Stop Paying Per-Seat Fees for Off-the-Shelf AI
A custom algorithm involves a one-time build cost, offering the potential to avoid recurring per-user software fees common with off-the-shelf solutions. Conversely, off-the-shelf software typically has a lower upfront cost but incurs monthly fees that often scale with your team size or usage.
Syntora designs and engineers custom demand forecasting algorithms for businesses seeking to optimize inventory, marketing, and sales strategies. Our approach involves comprehensive data integration, advanced machine learning model development, and robust deployment pipelines tailored to specific business needs.
The build cost for a custom algorithm in areas like demand forecasting depends heavily on data complexity, the number of existing systems requiring integration, and the desired model sophistication. For instance, creating a baseline forecast from clean Shopify sales data is a less complex endeavor than integrating that data with warehouse inventory, supplier lead times from a separate ERP, and promotional calendars, all of which would extend the development timeline and scope. Syntora would start by auditing your existing data sources and business processes to define an appropriate technical architecture and an accurate cost estimate.

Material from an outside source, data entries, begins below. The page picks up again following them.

definition min_norm_set :: "(real^'n^'m) set \<Rightarrow> real" where
  "min_norm_set S = Inf (min_norm ` S)"

definition interval_enclosure :: "('a \<Rightarrow> real^'n^'m) \<Rightarrow> 'a set \<Rightarrow> (real^'n^'m) set" where
  "interval_enclosure D U =
     {A. \<forall>i j. (INF z\<in>U. ereal (D z $ i $ j)) \<le> ereal (A $ i $ j)
              \<and> ereal (A $ i $ j) \<le> (SUP z\<in>U. ereal (D z $ i $ j))}"

definition dxx :: "((real^'u) \<times> (real^'s) \<Rightarrow> (real^'u) \<times> (real^'s)) \<Rightarrow> real^'u \<Rightarrow> real^'u" where
  "dxx Df = (\<lambda>v. fst (Df (v, 0)))"
definition dxy :: "((real^'u) \<times> (real^'s) \<Rightarrow> (real^'u) \<times> (real^'s)) \<Rightarrow> real^'s \<Rightarrow> real^'u" where
  "dxy Df = (\<lambda>w. fst (Df (0, w)))"
definition dyx :: "((real^'u) \<times> (real^'s) \<Rightarrow> (real^'u) \<times> (real^'s)) \<Rightarrow> real^'u \<Rightarrow> real^'s" where
  "dyx Df = (\<lambda>v. snd (Df (v, 0)))"
definition dyy :: "((real^'u) \<times> (real^'s) \<Rightarrow> (real^'u) \<times> (real^'s)) \<Rightarrow> real^'s \<Rightarrow> real^'s" where
  "dyy Df = (\<lambda>w. snd (Df (0, w)))"

definition cone_u :: "real \<Rightarrow> ((real^'u) \<times> (real^'s)) set" where
  "cone_u M = {(x, y). norm y \<le> M * norm x}"

end

theory Submission
  imports Defs
begin

(* Along the segment from 0 to z = (x, y) we have f z = \<integral>[0,1] Df(t z) z dt. The x-block
   \<integral>[0,1] \<partial>f_x/\<partial>x(t z) dt of the averaged derivative is itself a matrix of the interval
   enclosure, so |f_x z| \<ge> m |x| - sup \<parallel>\<partial>f_x/\<partial>y\<parallel> |y| \<ge> \<xi> |x| for z in the cone, whereas
   |f_y z| \<le> sup (\<parallel>\<partial>f_y/\<partial>x\<parallel> + M \<parallel>\<partial>f_y/\<partial>y\<parallel>) |x| \<le> \<mu> M |x|. As \<mu> < \<xi>, the image point satisfies
   the open condition |f_y z| < M |f_x z| unless x = 0, which forces z = 0. *)

lemma min_norm_mult_norm_le:
  fixes A :: "real^'n^'m"
  shows "min_norm A * norm v \<le> norm (A *v v)"
proof (cases "v = 0")
  case True then show ?thesis by simp
next
  case False
  let ?C = "{c. \<forall>v. c * norm v \<le> norm (A *v v)}"
  have "0 \<in> ?C" by simp
  moreover have "\<And>c. c \<in> ?C \<Longrightarrow> c \<le> norm (A *v v) / norm v"
    using False by (auto simp: field_simps)
  ultimately have "Sup ?C \<le> norm (A *v v) / norm v"
    by (metis (no_types, lifting) cSup_least empty_iff)
  then show ?thesis using False unfolding min_norm_def by (simp add: field_simps)
qed

lemma min_norm_nonneg:
  fixes A :: "real^'n^'m"
  shows "0 \<le> min_norm A"
proof -
  let ?C = "{c. \<forall>v. c * norm v \<le> norm (A *v v)}"
  fix k :: 'n
  have "c \<le> norm (A *v axis k 1)" if "c \<in> ?C" for c
    using that by (metis (mono_tags, lifting) mem_Collect_eq mult.right_neutral norm_axis_1)
  then have "bdd_above ?C" by (auto simp: bdd_above_def)
  moreover have "0 \<in> ?C" by simp
  ultimately show ?thesis unfolding min_norm_def by (rule cSup_upper[rotated])
qed

lemma min_norm_set_le:
  fixes S :: "(real^'n^'m) set"
  assumes "A \<in> S"
  shows "min_norm_set S \<le> min_norm A"
  unfolding min_norm_set_def
  by (rule cInf_lower) (use assms min_norm_nonneg in \<open>auto simp: bdd_below_def\<close>)

lemma integral_unit_interval_between:
  fixes g :: "real \<Rightarrow> real"
  assumes cont: "continuous_on {0..1} g"
    and bounds: "\<And>t. t \<in> {0..1} \<Longrightarrow> lo \<le> ereal (g t) \<and> ereal (g t) \<le> hi"
  shows "lo \<le> ereal (integral {0..1} g) \<and> ereal (integral {0..1} g) \<le> hi"
proof -
  obtain t0 where t0: "t0 \<in> {0..1}" "\<And>t. t \<in> {0..1} \<Longrightarrow> g t0 \<le> g t"
    using continuous_attains_inf[OF _ _ cont] by auto
  obtain t1 where t1: "t1 \<in> {0..1}" "\<And>t. t \<in> {0..1} \<Longrightarrow> g t \<le> g t1"
    using continuous_attains_sup[OF _ _ cont] by auto
  have ig: "g integrable_on {0..1}"
    using cont integrable_continuous_interval by blast
  have "g t0 \<le> integral {0..1} g"
    using integral_le[OF integrable_const_ivl ig, of "g t0"] t0 by auto
  moreover have "integral {0..1} g \<le> g t1"
    using integral_le[OF ig integrable_const_ivl, of "g t1"] t1 by auto
  ultimately show ?thesis
    using bounds[OF t0(1)] bounds[OF t1(1)] by (meson ereal_less_eq(3) order_trans)
qed

lemma integral_mem_interval_enclosure:
  fixes A :: "real \<Rightarrow> real^'n^'m"
  assumes cont: "continuous_on {0..1} A" and range: "\<And>t. t \<in> {0..1} \<Longrightarrow> A t \<in> D ` U"
  shows "integral {0..1} A \<in> interval_enclosure D U"
  unfolding interval_enclosure_def
proof (intro CollectI allI)
  fix i j
  have cont_entry: "continuous_on {0..1} (\<lambda>t. A t $ i $ j)"
    using cont by (intro continuous_intros)
  have "integral {0..1} A $ i $ j = integral {0..1} (\<lambda>t. A t $ i) $ j"
    using integral_linear[OF integrable_continuous_interval[OF cont] bounded_linear_vec_nth, of i]
    by (simp add: o_def)
  also have "\<dots> = integral {0..1} (\<lambda>t. A t $ i $ j)"
    using cont by (simp add: integrable_continuous_interval continuous_intros)
  finally have entry_eq: "integral {0..1} A $ i $ j = integral {0..1} (\<lambda>t. A t $ i $ j)" .
  have "(INF z\<in>U. ereal (D z $ i $ j)) \<le> ereal (A t $ i $ j)
      \<and> ereal (A t $ i $ j) \<le> (SUP z\<in>U. ereal (D z $ i $ j))" if "t \<in> {0..1}" for t
    using range[OF that] by (auto intro: INF_lower SUP_upper)
  then show "(INF z\<in>U. ereal (D z $ i $ j)) \<le> ereal (integral {0..1} A $ i $ j)
      \<and> ereal (integral {0..1} A $ i $ j) \<le> (SUP z\<in>U. ereal (D z $ i $ j))"
    unfolding entry_eq by (rule integral_unit_interval_between[OF cont_entry])
qed
(* Let $\{\Theta_{kj}\}_{k,j\in[K]}$ be i.i.d. uniform on $[-\pi,\pi)$. Let $G$ be the graph on vertex set $[K]$ in which distinct $k,j$ are adjacent if and only if $|\cos(\Theta_{kj}-\Theta_{jj})|>\frac{\pi}{\sqrt{\ln K}}$ or $|\cos(\Theta_{jk}-\Theta_{kk})|>\frac{\pi}{\sqrt{\ln K}}$. Consider the greedy coloring algorithm that colors vertices sequentially in the order $1,2,\dots,K$, giving each vertex the first color (colors being $1,2,3,\dots$) not used by any of its already colored neighbors. Then, with probability tending to $1$ as $K\to\infty$, the greedy algorithm colors $G$ with at most $\frac{K\ln\ln K}{\ln K-3\ln\ln K}+1$ colors.
   Context: The probability is over the random phases $\{\Theta_{kj}\}$. $\ln$ denotes the natural logarithm. *)

theory Defs
  imports "HOL-Probability.Probability"
begin

definition phase_space :: "nat \<Rightarrow> (nat \<times> nat \<Rightarrow> real) measure" where
  "phase_space K = PiM ({1..K} \<times> {1..K}) (\<lambda>_. uniform_measure lborel {-pi..<pi})"

definition adjG :: "nat \<Rightarrow> (nat \<times> nat \<Rightarrow> real) \<Rightarrow> nat \<Rightarrow> nat \<Rightarrow> bool" where
  "adjG K \<Theta> k j \<longleftrightarrow> k \<noteq> j \<and>
     (\<bar>cos (\<Theta> (k, j) - \<Theta> (j, j))\<bar> > pi / sqrt (ln (real K)) \<or>
      \<bar>cos (\<Theta> (j, k) - \<Theta> (k, k))\<bar> > pi / sqrt (ln (real K)))"

text \<open>Greedy colouring in the order 1,2,...,n: vertex i gets the least colour m \<ge> 1
  not used by any already coloured neighbour j \<in> {1..i-1}. Uncoloured vertices get 0.\<close>
fun greedy_col :: "(nat \<Rightarrow> nat \<Rightarrow> bool) \<Rightarrow> nat \<Rightarrow> nat \<Rightarrow> nat" where
  "greedy_col adj 0 = (\<lambda>_. 0)"
| "greedy_col adj (Suc n) =
     (let c = greedy_col adj n
      in c(Suc n := (LEAST m. m \<ge> 1 \<and> (\<forall>j\<in>{1..n}. adj (Suc n) j \<longrightarrow> c j \<noteq> m))))"

definition greedy_num_colors :: "(nat \<Rightarrow> nat \<Rightarrow> bool) \<Rightarrow> nat \<Rightarrow> nat" where
  "greedy_num_colors adj K = card (greedy_col adj K ` {1..K})"

end

theory Submission
  imports Defs "HOL-Real_Asymp.Real_Asymp"
begin

text \<open>
  Greedy colouring gives vertex v a colour larger than M only if every colour 1, ..., M occurs
  among its earlier neighbours. Fix all phases except Theta(v,j) and Theta(j,v) for j < v: this
  fixes the colouring of 1, ..., v - 1, and every earlier j is then non-adjacent to v independently
  with probability at least (t/pi)^2 = 1/ln K, where t = pi/sqrt(ln K). Hence the colour class S_i
  contains a neighbour of v with probability at most 1 - (ln K)^(-|S_i|), independently in i, and
  by AM-GM all M classes do so with probability at most exp(-M (ln K)^(-K/M)). For
  M >= K ln ln K / (ln K - 2 ln ln K) this is at most 1/K^2, and a union bound over the vertices
  bounds the failure probability by 1/K.
\<close>

section \<open>Greedy colouring\<close>

lemma greedy_col_stable: "v \<le> n \<Longrightarrow> greedy_col adj n v = greedy_col adj v v"
proof (induction n)
  case (Suc n)
  then show ?case by (cases "v = Suc n") (auto simp: Let_def)
qed simp

lemma greedy_col_cong:
  assumes "\<And>a b. a \<in> {1..n} \<Longrightarrow> b \<in> {1..n} \<Longrightarrow> adj a b = adj' a b"
  shows "greedy_col adj n = greedy_col adj' n"
  using assms
proof (induction n)
  case (Suc n)
  then have "greedy_col adj n = greedy_col adj' n" by simp
  moreover have "adj (Suc n) j = adj' (Suc n) j" if "j \<in> {1..n}" for j
    using Suc.prems that by simp
  ultimately show ?case by (simp add: Let_def)
qed simp

definition colours_blocked :: "(nat \<Rightarrow> nat \<Rightarrow> bool) \<Rightarrow> nat \<Rightarrow> nat \<Rightarrow> bool" where
  "colours_blocked adj M v \<longleftrightarrow>
     (\<forall>i\<in>{1..M}. \<exists>j\<in>{1..v - 1}. adj v j \<and> greedy_col adj (v - 1) j = i)"

lemma greedy_col_le_if_not_blocked:
  assumes "\<not> colours_blocked adj M v" "v \<ge> 1"
  shows "greedy_col adj v v \<le> M"
proof -
  obtain n where v: "v = Suc n" using assms(2) by (cases v) auto
  from assms(1) obtain i where i: "i \<in> {1..M}"
    and free: "\<forall>j\<in>{1..n}. adj (Suc n) j \<longrightarrow> greedy_col adj n j \<noteq> i"
    unfolding colours_blocked_def v by auto
  have "(LEAST m. m \<ge> 1 \<and> (\<forall>j\<in>{1..n}. adj (Suc n) j \<longrightarrow> greedy_col adj n j \<noteq> m)) \<le> i"
    by (rule Least_le) (use i free in auto)
  then show ?thesis using i by (simp add: v Let_def)
qed

lemma greedy_num_colors_le:
  assumes "\<forall>v\<in>{1..K}. \<not> colours_blocked adj M v"
  shows "greedy_num_colors adj K \<le> M + 1"
proof -
  have "greedy_col adj K v \<le> M" if "v \<in> {1..K}" for v
    using that assms greedy_col_le_if_not_blocked[of adj M v] greedy_col_stable[of v K adj] by simp
  then have "greedy_col adj K ` {1..K} \<subseteq> {0..M}" by auto
  then have "card (greedy_col adj K ` {1..K}) \<le> card {0..M}" by (intro card_mono) auto
  then show ?thesis by (simp add: greedy_num_colors_def)
qed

What Problem Does This Solve?
Many businesses start with a SaaS tool like Inventory Planner. It connects to Shopify and provides basic reorder points. But these tools use simple models like exponential smoothing. They cannot incorporate external data, like a planned marketing campaign or a competitor's stockout, which dramatically affects demand. The result is a forecast that reacts to the past but cannot predict the future.
Consider a 20-person e-commerce business selling seasonal goods. They tried Netsuite's demand planning module but found the per-seat costs were designed for 500-person companies. More importantly, the system is a black box. When it suggested ordering 5,000 units of a winter coat in August, there was no way to inspect the model's logic or understand its assumptions. The team could not trust a recommendation they could not explain.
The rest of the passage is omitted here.